# Friday, January 23, 2009
« Workflow 4.0 Services and “Invalid... | Main | BlobExplorer Now Supports Blob Metadata »

Sometimes you have to wonder if this subject will ever go away …

A few weeks ago I posted on using OO constructs in your DataContracts. It’s one of those things that is understandable when .NET developers first start building message based systems. Another issue that raises its head over and over again goes along the lines of “I’m trying to send a DataSet back to my client and it just isn’t working properly”. This reminds me of the old joke:

Patient: Doctor, doctor it hurts when I do this (patient raises his arm into a strange position over his head)
Doctor: Well don’t do it then

So what is the issue with using DataSets as parameters or return types in your service operations?
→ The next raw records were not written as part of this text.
(* Let $d\ge1$. There exists a constant $C_d>0$ such that for each $x\in\mathbb{R}^d$ there exists a family $(g_{1,x},g_{2,x},\dots,g_{d,x})\in(\mathcal{O}(\mathbb{Z}^d))^d$ with $g_{1,x}=\mathrm{Id}_{\mathbb{R}^d}$ such that the linear map $L_x:\mathbb{R}^d\to\mathbb{R}^d$ defined by $L_x(e_i)=g_{i,x}(x)$ for $i=1,\dots,d$ satisfies \[ \forall y\in\mathbb{R}^d\qquad C_d\|y\|_1\|x\|_1\le\|L_x(y)\|_1\le\|y\|_1\|x\|_1 . \] Moreover, if for each $n\in\mathcal{S}_2$ one sets $(n_1,n_2,\dots,n_d)=(n,g_{2,n}(n),\dots,g_{d,n}(n))$, then \[ \forall y\in\mathbb{R}^d\qquad \frac{C_d}{d^{3/2}}\|y\|_2\le\Big(\sum_{m=1}^d\langle y,n_m\rangle^2\Big)^{1/2}\le\sqrt d\,\|y\|_2 . \]
   Context: $(e_1,\dots,e_d)$ is the canonical basis of $\mathbb{R}^d$, $\|x\|_1=\sum_i|x_i|$, $\|x\|_2$ is the Euclidean norm, and $\mathcal{S}_2=\{x\in\mathbb{R}^d:\|x\|_2=1\}$. For a permutation $\sigma$ of $\{1,\dots,d\}$ and $\epsilon\in\{-1,+1\}^d$, let $\Psi_{\sigma,\epsilon}(x)=\sum_{i=1}^d\epsilon(i)x_{\sigma(i)}e_i$; $\mathcal{O}(\mathbb{Z}^d)=\{\Psi_{\sigma,\epsilon}\}$ is the group of orthogonal transformations preserving the lattice $\mathbb{Z}^d$. *)

theory Defs
  imports "HOL-Analysis.Analysis"
begin

text \<open>The l1 norm on R^d (index type 'n, d = CARD('n)).\<close>
definition l1norm :: "real ^ 'n::finite \<Rightarrow> real" where
  "l1norm x = (\<Sum>i\<in>UNIV. \<bar>x $ i\<bar>)"

definition Psi :: "('n::finite \<Rightarrow> 'n) \<Rightarrow> ('n \<Rightarrow> real) \<Rightarrow> real ^ 'n \<Rightarrow> real ^ 'n" where
  "Psi \<sigma> \<epsilon> x = (\<chi> i. \<epsilon> i * x $ (\<sigma> i))"

text \<open>O(Z^d): the group of lattice-preserving orthogonal maps Psi_{sigma,epsilon}.\<close>
definition OZ :: "(real ^ 'n::finite \<Rightarrow> real ^ 'n) set" where
  "OZ = {Psi \<sigma> \<epsilon> | \<sigma> \<epsilon>. \<sigma> permutes (UNIV :: 'n set) \<and> (\<forall>i. \<epsilon> i \<in> {-1, 1})}"

definition Lmap :: "('n::finite \<Rightarrow> (real ^ 'n \<Rightarrow> real ^ 'n)) \<Rightarrow> real ^ 'n \<Rightarrow> real ^ 'n \<Rightarrow> real ^ 'n" where
  "Lmap g x y = (\<Sum>i\<in>UNIV. (y $ i) *\<^sub>R g i x)"

end

theory Submission imports Defs begin

text \<open>For x \<noteq> 0 the orbit of x under O(Z^d) spans R^d, since g x - g' x is a nonzero multiple of
  e_j for suitable signed transpositions g, g'. Extending x to a basis inside the orbit gives a family
  with g_1 = Id for which L_x is invertible, hence satisfies C_x |y|_1 \<le> |L_x y|_1. Since
  |L_x y - L_x' y|_1 \<le> |y|_1 |x - x'|_1 for a fixed family, the same family works with constant C_x/2
  near x, and compactness of the l1 unit sphere yields a uniform constant; homogeneity extends it to
  all x. For the second estimate write y = L_n z: then |y|^2 = \<Sum>_m z_m \<langle>y, n_m\<rangle> is at most
  |z| (\<Sum>_m \<langle>y, n_m\<rangle>^2)^(1/2), while C |z| \<le> C |z|_1 \<le> |y|_1 \<le> d |y|; this even gives the
  lower bound with C/d in place of C/d^(3/2).\<close>

lemma l1norm_zero [simp]: "l1norm 0 = 0"
  unfolding l1norm_def by simp

lemma l1norm_axis: "l1norm (axis i c) = \<bar>c\<bar>"
  unfolding l1norm_def axis_def by (simp add: if_distrib[of abs] cong: if_cong)

lemma l1norm_nonneg: "0 \<le> l1norm x"
  unfolding l1norm_def by (simp add: sum_nonneg)

lemma norm_le_l1norm: "norm x \<le> l1norm x"
  unfolding l1norm_def by (rule norm_le_l1_cart)

lemma l1norm_le_card_norm: "l1norm (x :: real ^ 'n) \<le> real CARD('n) * norm x"
proof -
  have "l1norm x \<le> (\<Sum>i\<in>(UNIV :: 'n set). norm x)"
    unfolding l1norm_def by (rule sum_mono) (rule component_le_norm_cart)
  then show ?thesis by simp
qed

lemma l1norm_pos: "x \<noteq> 0 \<Longrightarrow> 0 < l1norm x"
  using norm_le_l1norm[of x] by (metis zero_less_norm_iff order_less_le_trans)

lemma l1norm_triangle_ineq: "l1norm (x + y) \<le> l1norm x + l1norm y"
  unfolding l1norm_def by (simp add: sum.distrib[symmetric] sum_mono abs_triangle_ineq)

lemma l1norm_scaleR: "l1norm (c *\<^sub>R x) = \<bar>c\<bar> * l1norm x"
  unfolding l1norm_def by (simp add: abs_mult sum_distrib_left)

lemma l1norm_minus_commute: "l1norm (x - y) = l1norm (y - x)"
  unfolding l1norm_def by (simp add: abs_minus_commute)

lemma l1norm_sum: "l1norm (\<Sum>i\<in>A. f i) \<le> (\<Sum>i\<in>A. l1norm (f i))"
proof -
  have "l1norm (\<Sum>i\<in>A. f i) = (\<Sum>j\<in>UNIV. \<bar>\<Sum>i\<in>A. f i $ j\<bar>)"
    unfolding l1norm_def by (simp add: sum_component)
  also have "\<dots> \<le> (\<Sum>j\<in>UNIV. \<Sum>i\<in>A. \<bar>f i $ j\<bar>)"
    by (rule sum_mono) (rule sum_abs)
  also have "\<dots> = (\<Sum>i\<in>A. l1norm (f i))"
    unfolding l1norm_def by (rule sum.swap)
  finally show ?thesis .
qed

lemma continuous_on_l1norm [continuous_intros]:
  "continuous_on A f \<Longrightarrow> continuous_on A (\<lambda>x. l1norm (f x))"
  unfolding l1norm_def by (intro continuous_intros)

lemma compact_l1norm_sphere: "compact {u :: real ^ 'n. l1norm u = 1}"
proof (subst compact_eq_bounded_closed, intro conjI)
  show "bounded {u :: real ^ 'n. l1norm u = 1}"
    unfolding bounded_iff by (metis norm_le_l1norm mem_Collect_eq)
  show "closed {u :: real ^ 'n. l1norm u = 1}"
    by (intro closed_Collect_eq continuous_intros)
qed

lemma OZE:
  assumes "g \<in> OZ"
  obtains \<sigma> \<epsilon> where "g = Psi \<sigma> \<epsilon>" "\<sigma> permutes UNIV" "\<forall>i. \<epsilon> i \<in> {-1, 1}"
  using assms unfolding OZ_def by blast

lemma Psi_in_OZ: "\<sigma> permutes UNIV \<Longrightarrow> \<forall>i. \<epsilon> i \<in> {-1, 1} \<Longrightarrow> Psi \<sigma> \<epsilon> \<in> OZ"
  unfolding OZ_def by blast

lemma id_in_OZ: "id \<in> OZ"
proof -
  have "(id :: real ^ 'n \<Rightarrow> _) = Psi id (\<lambda>_. 1)"
    unfolding Psi_def by (simp add: vec_eq_iff fun_eq_iff)
  then show ?thesis using Psi_in_OZ[OF permutes_id] by (metis insertI2 singletonI)
qed

lemma linear_OZ: "g \<in> OZ \<Longrightarrow> linear g"
  by (erule OZE) (auto simp: Psi_def vec_eq_iff algebra_simps intro!: linearI)

lemma OZ_abs_component:
  assumes "g \<in> OZ"
  obtains \<sigma> where "\<sigma> permutes UNIV" "\<And>x i. \<bar>g x $ i\<bar> = \<bar>x $ \<sigma> i\<bar>"
proof -
  obtain \<sigma> \<epsilon> where g: "g = Psi \<sigma> \<epsilon>" "\<sigma> permutes UNIV" "\<forall>i. \<epsilon> i \<in> {-1, 1}"
    using assms by (rule OZE)
  then have "\<bar>\<epsilon> i\<bar> = 1" for i by (metis abs_1 abs_minus insertE singletonD)
  then have "\<bar>g x $ i\<bar> = \<bar>x $ \<sigma> i\<bar>" for x i
    unfolding g(1) Psi_def by (simp add: abs_mult)
  then show thesis using g(2) that by blast
qed

lemma l1norm_OZ: "g \<in> OZ \<Longrightarrow> l1norm (g x) = l1norm x"
proof (erule OZ_abs_component)
  fix \<sigma> assume "\<sigma> permutes UNIV" "\<And>x i. \<bar>g x $ i\<bar> = \<bar>x $ \<sigma> i\<bar>"
  then show ?thesis
    unfolding l1norm_def using sum.permute[of \<sigma> UNIV "\<lambda>i. \<bar>x $ i\<bar>"] by (simp add: comp_def)
qed

lemma norm_OZ: "g \<in> OZ \<Longrightarrow> norm (g x) = norm x"
proof (erule OZ_abs_component)
  fix \<sigma> assume "\<sigma> permutes UNIV" "\<And>x i. \<bar>g x $ i\<bar> = \<bar>x $ \<sigma> i\<bar>"
  then show ?thesis
    unfolding norm_vec_def L2_set_def real_norm_def
    using sum.permute[of \<sigma> UNIV "\<lambda>i. \<bar>x $ i\<bar>\<^sup>2"] by (simp add: comp_def)
qed

lemma linear_Lmap: "linear (Lmap F x)"
  unfolding Lmap_def
  by (intro linearI) (simp_all add: sum.distrib scaleR_add_left scaleR_sum_right)

lemma Lmap_axis: "Lmap F x (axis i 1) = F i x"
  unfolding Lmap_def by (simp add: axis_def if_distrib[of "\<lambda>c. c *\<^sub>R _"] cong: if_cong)

lemma Lmap_diff_point:
  "\<forall>i. F i \<in> OZ \<Longrightarrow> Lmap F x y - Lmap F x' y = Lmap F (x - x') y"
  unfolding Lmap_def
  by (simp add: linear_diff[OF linear_OZ] sum_subtractf[symmetric] scaleR_diff_right)

lemma Lmap_scaleR_point:
  "\<forall>i. F i \<in> OZ \<Longrightarrow> Lmap F (c *\<^sub>R x) y = c *\<^sub>R Lmap F x y"
  unfolding Lmap_def by (simp add: linear_scale[OF linear_OZ] scaleR_sum_right mult.commute)

lemma l1norm_Lmap_le:
  assumes "\<forall>i. F i \<in> OZ"
  shows "l1norm (Lmap F x y) \<le> l1norm y * l1norm x"
proof -
  have "l1norm (Lmap F x y) \<le> (\<Sum>i\<in>UNIV. l1norm (y $ i *\<^sub>R F i x))"
    unfolding Lmap_def by (rule l1norm_sum)
  also have "\<dots> = (\<Sum>i\<in>UNIV. \<bar>y $ i\<bar> * l1norm x)"
    using assms by (simp add: l1norm_scaleR l1norm_OZ)
  also have "\<dots> = l1norm y * l1norm x"
    unfolding l1norm_def by (simp add: sum_distrib_right)
  finally show ?thesis .
qed

lemma span_OZ_orbit:
  fixes x :: "real ^ 'n"
  assumes "x \<noteq> 0"
  shows "span ((\<lambda>g. g x) ` OZ) = UNIV"
proof -
  let ?V = "(\<lambda>g. g x) ` OZ"
  obtain k where k: "x $ k \<noteq> 0"
    using assms by (auto simp: vec_eq_iff)
  have axis_in_span: "axis j 1 \<in> span ?V" for j
  proof -
    define \<tau> where "\<tau> = Transposition.transpose j k"
    have \<tau>: "\<tau> permutes UNIV"
      unfolding \<tau>_def by (rule permutes_swap_id) auto
    have "Psi \<tau> (\<lambda>_. 1) x \<in> ?V" "Psi \<tau> (\<lambda>i. if i = j then -1 else 1) x \<in> ?V"
      using Psi_in_OZ[OF \<tau>] by auto
    then have "Psi \<tau> (\<lambda>_. 1) x - Psi \<tau> (\<lambda>i. if i = j then -1 else 1) x \<in> span ?V"
      by (simp add: span_base span_diff)
    also have "Psi \<tau> (\<lambda>_. 1) x - Psi \<tau> (\<lambda>i. if i = j then -1 else 1) x = (2 * x $ k) *\<^sub>R axis j 1"
      unfolding Psi_def \<tau>_def by (auto simp: vec_eq_iff axis_def)
    finally have "(1 / (2 * x $ k)) *\<^sub>R (2 * x $ k) *\<^sub>R axis j 1 \<in> span ?V"
      by (rule span_scale)
    then show ?thesis using k by simp
  qed
  have "v \<in> span ?V" for v :: "real ^ 'n"
  proof -
    have "v = (\<Sum>i\<in>UNIV. v $ i *\<^sub>R axis i 1)"
      using basis_expansion[of v] by (simp add: scalar_mult_eq_scaleR)
    also have "\<dots> \<in> span ?V"
      by (intro span_sum span_scale axis_in_span)
    finally show ?thesis .
  qed
  then show ?thesis
    by auto
qed

lemma spanning_family_in_OZ_orbit:
  fixes x :: "real ^ 'n" and i0 :: 'n
  assumes "x \<noteq> 0"
  obtains F where "F i0 = id" "\<forall>i. F i \<in> OZ" "span (range (\<lambda>i. F i x)) = UNIV"
proof -
  let ?V = "(\<lambda>g. g x) ` OZ"
  have "{x} \<subseteq> ?V"
    using id_in_OZ by (metis empty_subsetI id_apply image_eqI insert_subsetI)
  moreover have "independent {x}"
    using assms by simp
  ultimately obtain B where B: "x \<in> B" "B \<subseteq> ?V" "independent B" "?V \<subseteq> span B"
    by (rule maximal_independent_subset_extend) blast
  have span_B: "span B = UNIV"
    using span_OZ_orbit[OF assms] B(4) by (metis span_minimal subspace_span top.extremum_unique)
  then have "card B = CARD('n)"
    using basis_card_eq_dim[of B UNIV] B(3) by simp
  then obtain f where f: "bij_betw f (UNIV :: 'n set) B"
    using finite_same_card_bij[of "UNIV :: 'n set" B] B(3) finiteI_independent by auto
  then obtain a where "f a = x"
    using B(1) unfolding bij_betw_def by auto
  define h where "h = f \<circ> Transposition.transpose i0 a"
  have h: "bij_betw h UNIV B"
    unfolding h_def by (rule bij_betw_trans[OF permutes_imp_bij f]) (rule permutes_swap_id, auto)
  have "h i0 = x"
    using \<open>f a = x\<close> by (simp add: h_def)
  have "h i \<in> ?V" for i
    using bij_betw_apply[OF h] B(2) by blast
  then have "\<exists>g \<in> OZ. g x = h i" for i
    by (metis imageE)
  then obtain F0 where F0: "\<And>i. F0 i \<in> OZ \<and> F0 i x = h i"
    by metis
  define F where "F i = (if i = i0 then id else F0 i)" for i
  have "F i x = h i" for i
    using F0 \<open>h i0 = x\<close> by (simp add: F_def)
  then have "range (\<lambda>i. F i x) = B"
    using bij_betw_imp_surj_on[OF h] by simp
  moreover have "\<forall>i. F i \<in> OZ"
    using F0 id_in_OZ by (simp add: F_def)
  ultimately show thesis
    using that[of F] span_B by (simp add: F_def)
qed

lemma inj_Lmap_if_span:
  assumes "span (range (\<lambda>i. F i x)) = UNIV"
  shows "inj (Lmap F x)"
proof -
  have "range (\<lambda>i. F i x) \<subseteq> range (Lmap F x)"
    by (metis Lmap_axis image_subsetI rangeI)
  then have "UNIV \<subseteq> range (Lmap F x)"
    using assms span_minimal linear_subspace_image[OF linear_Lmap subspace_UNIV] by metis
  then show ?thesis
    using linear_surjective_imp_injective[OF linear_Lmap] by auto
qed

lemma linear_inj_l1norm_lower_bound:
  fixes f :: "real ^ 'n \<Rightarrow> real ^ 'm"
  assumes "linear f" "inj f"
  obtains c where "c > 0" "\<And>y. c * l1norm y \<le> l1norm (f y)"
proof -
  obtain e where e: "e > 0" "\<And>y. e * norm y \<le> norm (f y)"
    using injective_imp_isometric[OF closed_UNIV subspace_UNIV linear_conv_bounded_linear[THEN iffD1, OF assms(1)]]
      assms linear_inj_iff_eq_0 by blast
  have "e / CARD('n) * l1norm y \<le> l1norm (f y)" for y
  proof -
    have "e / CARD('n) * l1norm y \<le> e / CARD('n) * (CARD('n) * norm y)"
      using e(1) l1norm_le_card_norm[of y] by (intro mult_left_mono) auto
    also have "\<dots> \<le> norm (f y)"
      using e by simp
    also have "\<dots> \<le> l1norm (f y)"
      by (rule norm_le_l1norm)
    finally show ?thesis .
  qed
  then show thesis
    using that[of "e / CARD('n)"] e(1) by simp
qed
Lets start off with interoperability – or the total lack thereof. If we are talking about interoperability we have to think about what goes into the WSDL for the DataSet – after all it is a .NET type. In fact DataSets, by default serialize as XML so surely it must be ok! Here’s what a DataSet looks like in terms of XML Schema in the WSDL

  <xs:element ref="xs:schema" /> 
  <xs:any />

In other words I’m going to send you some … XML – you work out what do with it. But hold on – if I use Add Service Reference, it *knows* its a DataSet so maybe it is ok. Well WCF cheats; just above that sequence is another piece of XML

       <ActualType Name="DataSet" Namespace="http://schemas.datacontract.org/2004/07/System.Data"
="http://schemas.microsoft.com/2003/10/Serialization/" /> 

So WCF cheats by putting an annotation only it understands into the schema so it knows to use a DataSet. If you really do want to pass back arbitrary XML as part of a message then use an XElement.

So how about if I have WCF on both ends of the wire? Well then you’ve picked a really inefficient way to transfer around the data. You have to remember how highly functional a DataSet actually is. Its not just the data in the tables that support that functionality, there is also : change tracking data to keep track of what rows have been added, updated and removed since the DataSet was filled; relationship data between tables; a schema  describing itself. DataSets are there to support disconnected processing of tabular data, not as a general purpose data transfer mechanism.

Then you may say – “hey we’re running on an intranet – the extra data is unimportant”. So the final issue you get with a DataSet is tight coupling of the service and the consumer. Changes to the structure of the data on one side of the wire cascade to the other side to someone who may not be expecting the changes. Admittedly not all changes will be breaking ones but are you sure you know which ones will be and which ones won’t. As long as the data you actually want to pass isn’t changing why are you inflicting this instability on the other party in the message exchange. The likelihood that you will have to make unnecessary changes to, say, the client when the service changes is increased with DataSets 

So what am I suggesting to do instead? Instead model the data that you do want to pass around using DataContract (or XElement if you truly want to be able to pass untyped XML). Does this mean you have to translate the data from a DataSet to this DataContract when you want to send it? Yes it does, but that code can be isolated in a single place. When you receive the data as a DataContract and want to process it as a DataSet, does this mean you have to recreate a DataSet programmatically? Yes it does, but again you can isolate this code in a single place.

So what does doing this actually buy you if you do that work? You get something which is potentially interoperable, that only passes the required data across the wire and that decouples the service and the consumer.